International access to FIB, he noted, is being provided in response to demand from expat clients, who, although they live abroad, still have regular UK financial commitments, “such as paying for a child’s school or university fees, or a relative’s long-term care”.
In addition, Roberts said, the company is unveiling a new, “web-based information tool” that has been designed to help intermediaries identify whether their non-UK resident clients would be eligible to buy AIG’s protection insurance, and if so, which products and options would best suit them.
The tool may be found at www.aiglife.co.uk/intermediaries/international-decision-tool-start.
As it provides no underwriting information, client-specific information will still need to be assessed by AIG’s underwriters upon application.
As reported here in April, the AIG Life product for expats was conceived originally to assist those non-doms who are destined to be affected by the then-pending IHT on Enveloped Dwellings (IHTED) legislation.
The insurer launched this as HMRC prepared to put into force a new inheritance tax (IHT) liability on non-UK domiciles holding UK residential property via an offshore company or trust.
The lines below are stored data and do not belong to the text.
(* Let $T\ge 2$ and $\sigma_2\in(\tfrac12,1]$. There exist a (finite) standard MDP $\mathcal{M}=\{\mathcal{S},\mathcal{A},P^0,T,r\}$, an SC-MDP $\mathcal{M}_{\mathsf{sc}}=\{\mathcal{S},\mathcal{A},T,r,\mathcal{C},\{\mathcal{P}^i_t\},P^c\}$ with confounder space $\mathcal{C}=\{0,1\}$ that is equivalent to $\mathcal{M}$ (i.e. $\mathbb{E}_{c\sim P^c_t}[\mathcal{P}_t(\cdot\mid s,a,c)]=P^0_t(\cdot\mid s,a)$ for all $t,s,a$), and an initial state distribution $\phi$ on $\mathcal{S}$, such that the following holds. Let $\mathcal{M}_{\mathsf{sc}\text{-}\mathsf{rob}}$ be the RSC-MDP built from $\mathcal{M}_{\mathsf{sc}}$ with the total-variation uncertainty set $\mathcal{U}^{\sigma_2}(P^c)$, and let $\pi^{\star,\sigma_2}_{\mathsf{RSC}}$ be an optimal robust policy of $\mathcal{M}_{\mathsf{sc}\text{-}\mathsf{rob}}$. Then for every $\sigma_1\in[0,1]$, letting $\mathcal{M}_{\mathsf{rob}}$ be the RMDP built from $\mathcal{M}$ with the total-variation uncertainty set $\mathcal{U}^{\sigma_1}(P^0)$ and $\pi^{\star,\sigma_1}_{\mathsf{RMDP}}$ an optimal robust policy of $\mathcal{M}_{\mathsf{rob}}$, $$\widetilde{V}^{\pi^{\star,\sigma_2}_{\mathsf{RSC}},\sigma_2}_1(\phi)-\widetilde{V}^{\pi^{\star,\sigma_1}_{\mathsf{RMDP}},\sigma_2}_1(\phi)\ \ge\ \frac{T}{8}.$$
   Context: Policies are non-stationary stochastic Markov policies $\pi=\{\pi_t\}_{1\le t\le T}$, $\pi_t:\mathcal{S}\to\Delta(\mathcal{A})$. A standard finite-horizon MDP $\{\mathcal{S},\mathcal{A},P,T,r\}$ has transition kernels $P_t(\cdot\mid s,a)\in\Delta(\mathcal{S})$ and rewards $r_t:\mathcal{S}\times\mathcal{A}\to[0,1]$; $V^{\pi,P}_t(s)=\mathbb{E}_{\pi,P}[\sum_{k=t}^T r_k(s_k,a_k)\mid s_t=s]$. RMDP: given nominal kernel $P^0$ and radius $\sigma_1\in[0,1]$, the uncertainty set is $\mathcal{U}^{\sigma_1}(P^0)=\otimes_{t,s,a}\{P_{t,s,a}\in\Delta(\mathcal{S}):\tfrac12\|P_{t,s,a}-P^0_t(\cdot\mid s,a)\|_1\le\sigma_1\}$ ($(s,a)$-rectangular), the robust value is $V^{\pi,\sigma_1}_t(s)=\inf_{P\in\mathcal{U}^{\sigma_1}(P^0)}V^{\pi,P}_t(s)$, and an optimal robust policy of the RMDP is one maximizing $V^{\pi,\sigma_1}_t(s)$ over all policies, for all $t,s$. SC-MDP $\{\mathcal{S},\mathcal{A},T,r,\mathcal{C},\{\mathcal{P}^i_t\},P^c\}$: at step $t$ a confounder $c_t\sim P^c_t\in\Delta(\mathcal{C})$ is drawn, the action $a_t\sim\pi_t(\cdot\mid s_t)$, and $s_{t+1}\sim\mathcal{P}_t(\cdot\mid s_t,a_t,c_t)$ (a kernel on $\mathcal{S}$ whose $i$-th coordinate marginal is $\mathcal{P}^i_t$); rewards $r_t(s_t,a_t)$ do not depend on $c_t$. For confounder distributions $P=\{P_t\}$, $\widetilde{V}^{\pi,P}_t(s)=\mathbb{E}[\sum_{k=t}^T r_k(s_k,a_k)\mid s_t=s]$ with $c_k\sim P_k$. RSC-MDP with total variation and radius $\sigma_2$: $\mathcal{U}^{\sigma_2}(P^c)=\otimes_t\{P\in\Delta(\mathcal{C}):\tfrac12\|P-P^c_t\|_1\le\sigma_2\}$, robust SC-value $\widetilde{V}^{\pi,\sigma_2}_t(s)=\inf_{P\in\mathcal{U}^{\sigma_2}(P^c)}\widetilde{V}^{\pi,P}_t(s)$; an optimal robust policy of the RSC-MDP maximizes $\widetilde{V}^{\pi,\sigma_2}_t(s)$ over all policies for all $t,s$. For a distribution $\phi$ on $\mathcal{S}$, $\widetilde{V}^{\pi,\sigma_2}_1(\phi)=\mathbb{E}_{s\sim\phi}[\widetilde{V}^{\pi,\sigma_2}_1(s)]$. *)

theory Defs
  imports Complex_Main
begin
lemma garcs_suffix_is_scen_path:
  assumes "set (path_arcs q) \<subseteq> garcs T Dh Dl" "q \<noteq> []" "last q = Snk"
    and "hd q = Lay k u" "1 \<le> k"
  shows "\<exists>D. q = map (scen_node T D) [k..<T+2] \<and> D k = u \<and>
           (\<forall>t\<in>{k..T}. D t \<in> Dset T Dh Dl t) \<and> (\<forall>t\<in>{k..<T}. D t \<le> D (Suc t))"
  using assms
proof (induction q arbitrary: k u)
  case Nil
  then show ?case by simp
next
  case (Cons a r)
  have a: "a = Lay k u" using Cons.prems(4) by simp
  then obtain b r' where r: "r = b # r'"
    using Cons.prems(2,3) by (cases r) auto
  have ab: "(a, b) \<in> garcs T Dh Dl" and arcs_r: "set (path_arcs r) \<subseteq> garcs T Dh Dl"
    using Cons.prems(1) r by (auto simp: path_arcs_Cons_Cons)
  have u: "u \<in> Dset T Dh Dl k" using ab a by (auto simp: garcs_def)
  consider (last) "k = T" "b = Snk"
    | (step) w where "k < T" "b = Lay (Suc k) w" "w \<in> Dset T Dh Dl (Suc k)" "u \<le> w"
    using ab a Cons.prems(5) unfolding garcs_def by auto
  then show ?case
  proof cases
    case last
    have "r' = []"
    proof (rule ccontr)
      assume "r' \<noteq> []"
      then obtain c r'' where "r' = c # r''" by (cases r') auto
      then have "(Snk, c) \<in> garcs T Dh Dl"
        using arcs_r r last by (auto simp: path_arcs_Cons_Cons)
      then show False by (auto simp: garcs_def)
    qed
    then show ?thesis
      using last a r u Cons.prems(5)
      by (intro exI[of _ "\<lambda>_. u"]) (simp add: scen_node_def numeral_2_eq_2)
  next
    case step
    obtain D where D: "r = map (scen_node T D) [Suc k..<T+2]" "D (Suc k) = w"
      "\<forall>t\<in>{Suc k..T}. D t \<in> Dset T Dh Dl t" "\<forall>t\<in>{Suc k..<T}. D t \<le> D (Suc t)"
      using Cons.IH[OF arcs_r] r step Cons.prems(3) by auto
    have "map (scen_node T (D(k := u))) [Suc k..<T+2] = r"
      unfolding D(1) by (rule map_cong) (auto simp: scen_node_def)
    moreover have "scen_node T (D(k := u)) k = a"
      using a step Cons.prems(5) by (simp add: scen_node_def)
    ultimately have "a # r = map (scen_node T (D(k := u))) [k..<T+2]"
      using step by (simp add: upt_conv_Cons del: upt_Suc)
    moreover have "\<forall>t\<in>{k..T}. (D(k := u)) t \<in> Dset T Dh Dl t"
      using D(3) u by (auto simp: le_less Suc_le_eq)
    moreover have "\<forall>t\<in>{k..<T}. (D(k := u)) t \<le> (D(k := u)) (Suc t)"
      using D(2,4) step by (auto simp: le_less Suc_le_eq)
    ultimately show ?thesis
      by (intro exI[of _ "D(k := u)"]) (simp add: fun_upd_same del: fun_upd_apply upt_Suc)
  qed
qed

lemma st_path_is_scen_path:
  assumes "st_path T Dh Dl p"
  obtains D where "p = scen_path T D"
    "\<forall>t\<in>{1..T}. D t \<in> Dset T Dh Dl t" "\<forall>t\<in>{1..<T}. D t \<le> D (Suc t)"
proof -
  have p: "p \<noteq> []" "hd p = Src" "last p = Snk" "set (path_arcs p) \<subseteq> garcs T Dh Dl"
    using assms unfolding st_path_def by auto
  then obtain b q where q: "p = Src # b # q"
    by (cases p rule: remdups_adj.cases) auto
  have "(Src, b) \<in> garcs T Dh Dl" and arcs_q: "set (path_arcs (b # q)) \<subseteq> garcs T Dh Dl"
    using p(4) q by (auto simp: path_arcs_Cons_Cons)
  then obtain v where "b = Lay 1 v" by (auto simp: garcs_def)
  then obtain D where D: "b # q = map (scen_node T D) [1..<T+2]"
    "\<forall>t\<in>{1..T}. D t \<in> Dset T Dh Dl t" "\<forall>t\<in>{1..<T}. D t \<le> D (Suc t)"
    using garcs_suffix_is_scen_path[OF arcs_q] p(3) q by auto
  have "p = scen_path T D"
    using q D(1) by (simp add: scen_path_def upt_conv_Cons scen_node_def del: upt_Suc)
  then show thesis using that D(2,3) by blast
qed

lemma rlp_feasible_iff_scenario:
  assumes "1 \<le> T"
  shows "rlp_feasible T Dh Dl \<Gamma> p \<longleftrightarrow>
    (\<exists>D\<in>Ud T Dh Dl \<Gamma>. (\<forall>t\<in>{1..T}. D t \<in> breakpoints T Dh Dl) \<and> p = scen_path T D)"
proof
  assume "rlp_feasible T Dh Dl \<Gamma> p"
  then have p: "st_path T Dh Dl p" "sum_list (map (arc_wt Dh) (path_arcs p)) \<le> \<Gamma>"
    by (simp_all add: rlp_feasible_def)
  obtain D where D: "p = scen_path T D"
    "\<forall>t\<in>{1..T}. D t \<in> Dset T Dh Dl t" "\<forall>t\<in>{1..<T}. D t \<le> D (Suc t)"
    using st_path_is_scen_path[OF p(1)] .
  have "D \<in> Ud T Dh Dl \<Gamma>"
    using D p(2) by (auto simp: Ud_def Dset_eq_breakpoints path_weight_scen_path)
  moreover have "\<forall>t\<in>{1..T}. D t \<in> breakpoints T Dh Dl"
    using D(2) by (simp add: Dset_eq_breakpoints)
  ultimately show "\<exists>D\<in>Ud T Dh Dl \<Gamma>. (\<forall>t\<in>{1..T}. D t \<in> breakpoints T Dh Dl) \<and> p = scen_path T D"
    using D(1) by blast
next
  assume "\<exists>D\<in>Ud T Dh Dl \<Gamma>. (\<forall>t\<in>{1..T}. D t \<in> breakpoints T Dh Dl) \<and> p = scen_path T D"
  then obtain D where D: "D \<in> Ud T Dh Dl \<Gamma>" "\<forall>t\<in>{1..T}. D t \<in> breakpoints T Dh Dl"
    and p: "p = scen_path T D" by blast
  have "st_path T Dh Dl (scen_path T D)"
    using D by (intro st_path_scen_path[OF assms]) (auto simp: Ud_def Dset_eq_breakpoints)
  then show "rlp_feasible T Dh Dl \<Gamma> p"
    using D(1) by (simp add: p rlp_feasible_def path_weight_scen_path Ud_def)
qed

lemma convex_on_pcost: "convex_on UNIV (pcost T cP cI cB bP x k)"
proof -
  let ?X = "cumX x k"
  have "fI T cP cI cB bP k ?X = (\<lambda>v. (if k = T then (cI + cP) * ?X else cI * ?X)
                                   + (if k = T then - cI - bP else - cI) * v)"
    by (auto simp: fI_def fun_eq_iff algebra_simps)
  moreover have "fB T cP cI cB bP k ?X = (\<lambda>v. (if k = T then (cP - bP - cB) * ?X else - cB * ?X)
                                          + cB * v)"
    by (auto simp: fB_def fun_eq_iff algebra_simps)
  ultimately show ?thesis
    unfolding pcost_def by (intro convex_on_max) (simp_all add: convex_on_affine_real)
qed

definition move_level :: "(nat \<Rightarrow> real) \<Rightarrow> real \<Rightarrow> real \<Rightarrow> nat \<Rightarrow> real" where
  "move_level D v y t = (if D t = v then y else D t)"

lemma convex_on_scen_cost_move_level:
  "convex_on UNIV (\<lambda>y. scen_cost T cP cI cB bP x (move_level D v y))"
  unfolding scen_cost_def
proof (rule convex_on_sum_fun)
  fix t
  show "convex_on UNIV (\<lambda>y. pcost T cP cI cB bP x t (move_level D v y t))"
    by (cases "D t = v") (simp_all add: move_level_def convex_on_pcost convex_on_const)
qed simp_all

lemma card_move_level_off_less:
  assumes "finite A" "v \<in> D ` A - V" "y \<in> V \<or> y \<in> D ` A - {v}"
  shows "card (move_level D v y ` A - V) < card (D ` A - V)"
proof (rule psubset_card_mono)
  show "finite (D ` A - V)" using assms(1) by simp
  have "move_level D v y ` A - V \<subseteq> D ` A - V - {v}"
    using assms(3) by (auto simp: move_level_def)
  then show "move_level D v y ` A - V \<subset> D ` A - V"
    using assms(2) by blast
qed

lemma move_level_in_Ud:
  assumes "D \<in> Ud T Dh Dl \<Gamma>"
    and "\<forall>t\<in>{1..T}. D t = v \<longrightarrow> Dh t \<noteq> v \<and> Dh t - Dl t \<le> y \<and> y \<le> Dh t + Dl t"
    and "\<forall>t\<in>{1..T}. D t < v \<longrightarrow> D t \<le> y"
    and "\<forall>t\<in>{1..T}. v < D t \<longrightarrow> y \<le> D t"
  shows "move_level D v y \<in> Ud T Dh Dl \<Gamma>"
proof -
  have D: "\<forall>t\<in>{1..<T}. D t \<le> D (t + 1)" "\<forall>t\<in>{1..T}. Dh t - Dl t \<le> D t \<and> D t \<le> Dh t + Dl t"
    "card {t\<in>{1..T}. D t \<noteq> Dh t} \<le> \<Gamma>"
    using assms(1) by (simp_all add: Ud_def)
  have "move_level D v y t \<le> move_level D v y (t + 1)" if t: "t \<in> {1..<T}" for t
  proof -
    have "t \<in> {1..T}" "t + 1 \<in> {1..T}" and mono: "D t \<le> D (t + 1)" using t D(1) by auto
    then have "D t < v \<longrightarrow> D t \<le> y" "v < D (t + 1) \<longrightarrow> y \<le> D (t + 1)"
      using assms(3,4) by blast+
    then show ?thesis using mono by (simp add: move_level_def)
  qed
  moreover have "Dh t - Dl t \<le> move_level D v y t \<and> move_level D v y t \<le> Dh t + Dl t"
    if "t \<in> {1..T}" for t
    using that D(2) assms(2) by (auto simp: move_level_def)
  moreover have "card {t\<in>{1..T}. move_level D v y t \<noteq> Dh t} \<le> \<Gamma>"
  proof -
    have "{t\<in>{1..T}. move_level D v y t \<noteq> Dh t} \<subseteq> {t\<in>{1..T}. D t \<noteq> Dh t}"
      using assms(2) by (auto simp: move_level_def)
    from card_mono[OF _ this] show ?thesis using D(3) by simp
  qed
  ultimately show ?thesis by (simp add: Ud_def)
qed
section \<open>Uniqueness of Fourier coefficients\<close>

lemma AE_eq_0_if_integral_greaterThan_eq_0_lborel:
  fixes h :: "real \<Rightarrow> real"
  assumes h: "integrable lborel h" and zero: "\<And>y. (LINT x:{y<..}|lborel. h x) = 0"
  shows "AE x in lborel. h x = 0"
proof -
  have [measurable]: "h \<in> borel_measurable borel" using h by auto
  have emeasure_eq: "emeasure (density lborel (\<lambda>x. ennreal (g x))) {y<..} = ennreal (LINT x:{y<..}|lborel. g x)"
    if "integrable lborel g" "\<And>x. g x \<ge> 0" for g :: "real \<Rightarrow> real" and y
    using that by (subst emeasure_density) (auto intro!: nn_set_integral_eq_set_integral)
  let ?pos = "\<lambda>x. max 0 (h x)" and ?neg = "\<lambda>x. max 0 (- h x)"
  have pos_neg_integrable: "set_integrable lborel {y<..} ?pos" "set_integrable lborel {y<..} ?neg" for y
    using h unfolding set_integrable_def by (intro integrable_mult_indicator integrable_max; simp)+
  have "density lborel (\<lambda>x. ennreal (?pos x)) = density lborel (\<lambda>x. ennreal (?neg x))"
  proof (rule measure_eqI_lessThan)
    fix y
    have "(LINT x:{y<..}|lborel. ?pos x) - (LINT x:{y<..}|lborel. ?neg x) = (LINT x:{y<..}|lborel. h x)"
      by (subst set_integral_diff(2)[OF pos_neg_integrable, symmetric])
        (auto intro!: set_lebesgue_integral_cong)
    then show "emeasure (density lborel (\<lambda>x. ennreal (?pos x))) {y<..}
        = emeasure (density lborel (\<lambda>x. ennreal (?neg x))) {y<..}"
      using h zero by (simp add: emeasure_eq)
    show "emeasure (density lborel (\<lambda>x. ennreal (?pos x))) {y<..} < \<infinity>"
      using h by (simp add: emeasure_eq)
  qed auto
  then have "AE x in lborel. ennreal (?pos x) = ennreal (?neg x)"
    by (intro sigma_finite_measure.density_unique[OF sigma_finite_lborel]) auto
  then show ?thesis
    by eventually_elim (auto simp: max_def split: if_splits)
qed

lemma AE_eq_0_if_integral_greaterThan_eq_0:
  fixes h :: "real \<Rightarrow> real"
  assumes h: "integrable lebesgue h" and zero: "\<And>y. (LINT x:{y<..}|lebesgue. h x) = 0"
  shows "AE x in lebesgue. h x = 0"
proof -
  have [measurable]: "h \<in> borel_measurable lebesgue" using h by auto
  then obtain h' where h'[measurable]: "h' \<in> borel_measurable lborel"
    and h_eq_lborel: "AE x in lborel. h x = h' x"
    using completion_ex_borel_measurable_real by blast
  have h_eq: "AE x in lebesgue. h x = h' x" using h_eq_lborel by (rule AE_completion)
  have [measurable]: "h' \<in> borel_measurable lebesgue" by (simp add: measurable_completion)
  have "integrable lebesgue h'" using h _ h_eq by (rule integrable_cong_AE_imp) simp
  then have "integrable lborel h'" by (simp add: integrable_completion)
  moreover have "(LINT x:{y<..}|lborel. h' x) = 0" for y
  proof -
    have "(LINT x:{y<..}|lborel. h' x) = (LINT x:{y<..}|lebesgue. h' x)"
      unfolding set_lebesgue_integral_def by (rule integral_completion[symmetric]) simp
    also have "\<dots> = (LINT x:{y<..}|lebesgue. h x)"
      using h_eq by (intro set_lebesgue_integral_cong_AE) auto
    finally show ?thesis using zero by simp
  qed
  ultimately have "AE x in lborel. h' x = 0" by (rule AE_eq_0_if_integral_greaterThan_eq_0_lborel)
  then have "AE x in lebesgue. h' x = 0" by (rule AE_completion)
  with h_eq show ?thesis by eventually_elim simp
qed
This was put on hold ahead of June’s General Election, but is expected to finally become law in September or October, once Parliament returns after the summer recess next month. Once it is formally enacted, the legislation will be retroactive to 6 April.
‘Enveloping’ for IHT avoidance to cease
Once the legislation comes into force, individuals who are neither UK-domiciled nor deemed domiciled for inheritance tax purposes will no longer be able to avoid IHT on their properties and certain other assets by a process of asset structuring known as “enveloping”.
“The IHTED legislation was expected to have been signed into law by now, but politics got in the way,” Roberts said.
“By opening access to more products and tools now, AIG is making sure intermediaries have everything they need to support international clients who need financial protection now or who could soon be affected by IHTED.”